======== Source material

lemma rqGamma_of_nat_plus_1: "rqGamma Q (real N + 1) = (1 - Q) ^ N / qpoch Q Q N"
proof (induction N)
  case 0
  show ?case
    using qpoch_inf_nonzero[of Q Q] Q by (simp add: rqGamma_eq qpoch_def)
next
  case (Suc N)
  have "Q powr (real N + 1) = Q ^ Suc N"
    using powr_realpow[of Q "Suc N"] Q by (simp add: add.commute)
  then have rec: "rqGamma Q (real N + 1) = (1 - Q ^ Suc N) / (1 - Q) * rqGamma Q (real (Suc N) + 1)"
    using rqGamma_rec[of "real N + 1"] by (simp add: add_ac)
  have "Q ^ Suc N < 1"
    using Q by (intro power_Suc_less_one) auto
  then have "rqGamma Q (real (Suc N) + 1) = rqGamma Q (real N + 1) * (1 - Q) / (1 - Q ^ Suc N)"
    using rec Q by (simp add: field_simps)
  also have "\<dots> = (1 - Q) ^ Suc N / qpoch Q Q (Suc N)"
    unfolding Suc.IH qpoch_Suc using \<open>Q ^ Suc N < 1\<close> qpoch_pos[of Q Q N] Q
    by (simp add: field_simps)
  finally show ?case .
qed

lemma rqGamma_neg_nat: "rqGamma Q (- real i) = 0"
  using qpoch_inf_eq_0[of Q "Q powr (- real i)" i] Q
  by (simp add: rqGamma_eq powr_minus powr_realpow)

end

definition I3_coeff :: "real \<Rightarrow> real \<Rightarrow> nat \<Rightarrow> real" where
  "I3_coeff q \<nu> k = q powr (real k * (\<nu> + real k)) * (1 - q^2) ^ k
      / (qpoch (q^2) (q^2) k * qGamma (q^2) (\<nu> + real k + 1))"

lemma I3_eq_suminf_coeff:
  "I3 q \<nu> z = (\<Sum>k. of_real (I3_coeff q \<nu> k) * (z / 2) powr of_real (\<nu> + 2 * real k))"
  by (simp add: I3_def I3_coeff_def)

lemma I3_coeff_eq:
  "I3_coeff q \<nu> k = q powr (real k * (\<nu> + real k)) * (1 - q^2) ^ k
      * rqGamma (q^2) (\<nu> + real k + 1) / qpoch (q^2) (q^2) k"
  by (simp add: I3_coeff_def rqGamma_def divide_inverse mult_ac)

definition pred_weight :: "real \<Rightarrow> real \<Rightarrow> nat \<Rightarrow> real" where
  "pred_weight q \<nu> k = (1 - (q^2) powr (\<nu> + real k)) / (q ^ k * (1 - q^2))"

definition succ_weight :: "real \<Rightarrow> real \<Rightarrow> nat \<Rightarrow> real" where
  "succ_weight q \<nu> k = (1 - (q^2) ^ k) / (q powr (\<nu> + real k) * (1 - q^2))"

context
  fixes q :: real
  assumes q: "0 < q" "q < 1"
begin

lemma q_squared: "0 < q^2" "q^2 < 1"
  using q by (auto simp: power_less_one_iff)

lemma I3_coeff_pred: "I3_coeff q (\<nu> - 1) k = pred_weight q \<nu> k * I3_coeff q \<nu> k"
proof -
  have "real k * (\<nu> - 1 + real k) = real k * (\<nu> + real k) - real k"
    by (simp add: algebra_simps)
  then have "q powr (real k * (\<nu> - 1 + real k)) = q powr (real k * (\<nu> + real k)) / q ^ k"
    using q by (simp add: powr_diff powr_realpow)
  moreover have "rqGamma (q^2) (\<nu> - 1 + real k + 1)
                 = (1 - (q^2) powr (\<nu> + real k)) / (1 - q^2) * rqGamma (q^2) (\<nu> + real k + 1)"
    using rqGamma_rec[OF q_squared, of "\<nu> + real k"] by simp
  ultimately show ?thesis
    unfolding I3_coeff_eq pred_weight_def by (simp add: field_simps)
qed

lemma I3_coeff_succ: "I3_coeff q (\<nu> + 1) k = succ_weight q \<nu> (Suc k) * I3_coeff q \<nu> (Suc k)"
proof -
  define P where "P = q powr (real k * (\<nu> + 1 + real k))"
  define G where "G = rqGamma (q^2) (\<nu> + 1 + real k + 1)"
  define E where "E = 1 - q^2"
  define D where "D = 1 - (q^2) ^ Suc k"
  define p where "p = qpoch (q^2) (q^2) k"
  have "real (Suc k) * (\<nu> + real (Suc k)) = real k * (\<nu> + 1 + real k) + (\<nu> + real (Suc k))"
    by (simp add: algebra_simps)
  then have succ: "I3_coeff q \<nu> (Suc k) = P * q powr (\<nu> + real (Suc k)) * (E ^ k * E) * G / (p * D)"
    unfolding I3_coeff_eq P_def G_def E_def D_def p_def by (simp add: powr_add qpoch_Suc add_ac mult_ac)
  have shifted: "I3_coeff q (\<nu> + 1) k = P * E ^ k * G / p"
    unfolding I3_coeff_eq P_def G_def E_def p_def by (simp add: add_ac)
  have "D \<noteq> 0"
    using power_Suc_less_one[of "q^2" k] q_squared by (simp add: D_def)
  moreover have "p \<noteq> 0" "E \<noteq> 0"
    using qpoch_pos[of "q^2" "q^2" k] q_squared by (auto simp: p_def E_def)
  ultimately show ?thesis
    unfolding succ shifted succ_weight_def D_def[symmetric] E_def[symmetric] using q by (simp add: field_simps)
qed

lemma I3_coeff_neg_nat_eq_0:
  assumes "k < m"
  shows "I3_coeff q (- real m) k = 0"
proof -
  have "- real m + real k + 1 = - real (m - k - 1)"
    using assms by (simp add: of_nat_diff)
  then show ?thesis
    using rqGamma_neg_nat[OF q_squared, of "m - k - 1"] by (simp add: I3_coeff_eq)
qed

lemma I3_coeff_neg_nat_shift: "I3_coeff q (- real m) (k + m) = I3_coeff q (real m) k"
proof -
  have "real (k + m) * (- real m + real (k + m)) = real k * (real m + real k)"
    by (simp add: algebra_simps)
  moreover have "qpoch (q^2) (q^2) k > 0" "qpoch (q^2) (q^2) (m + k) > 0"
    using q_squared by (auto intro: qpoch_pos)
  ultimately show ?thesis
    unfolding I3_coeff_eq using rqGamma_of_nat_plus_1[OF q_squared, of k] rqGamma_of_nat_plus_1[OF q_squared, of "m + k"]
    by (simp add: add.commute power_add field_simps)
qed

================

# Problem details
Scan the records above for the string "commute", then report every line that contains it.

# Solution
    using powr_realpow[of Q "Suc N"] Q by (simp add: add.commute)
    by (simp add: add.commute power_add field_simps)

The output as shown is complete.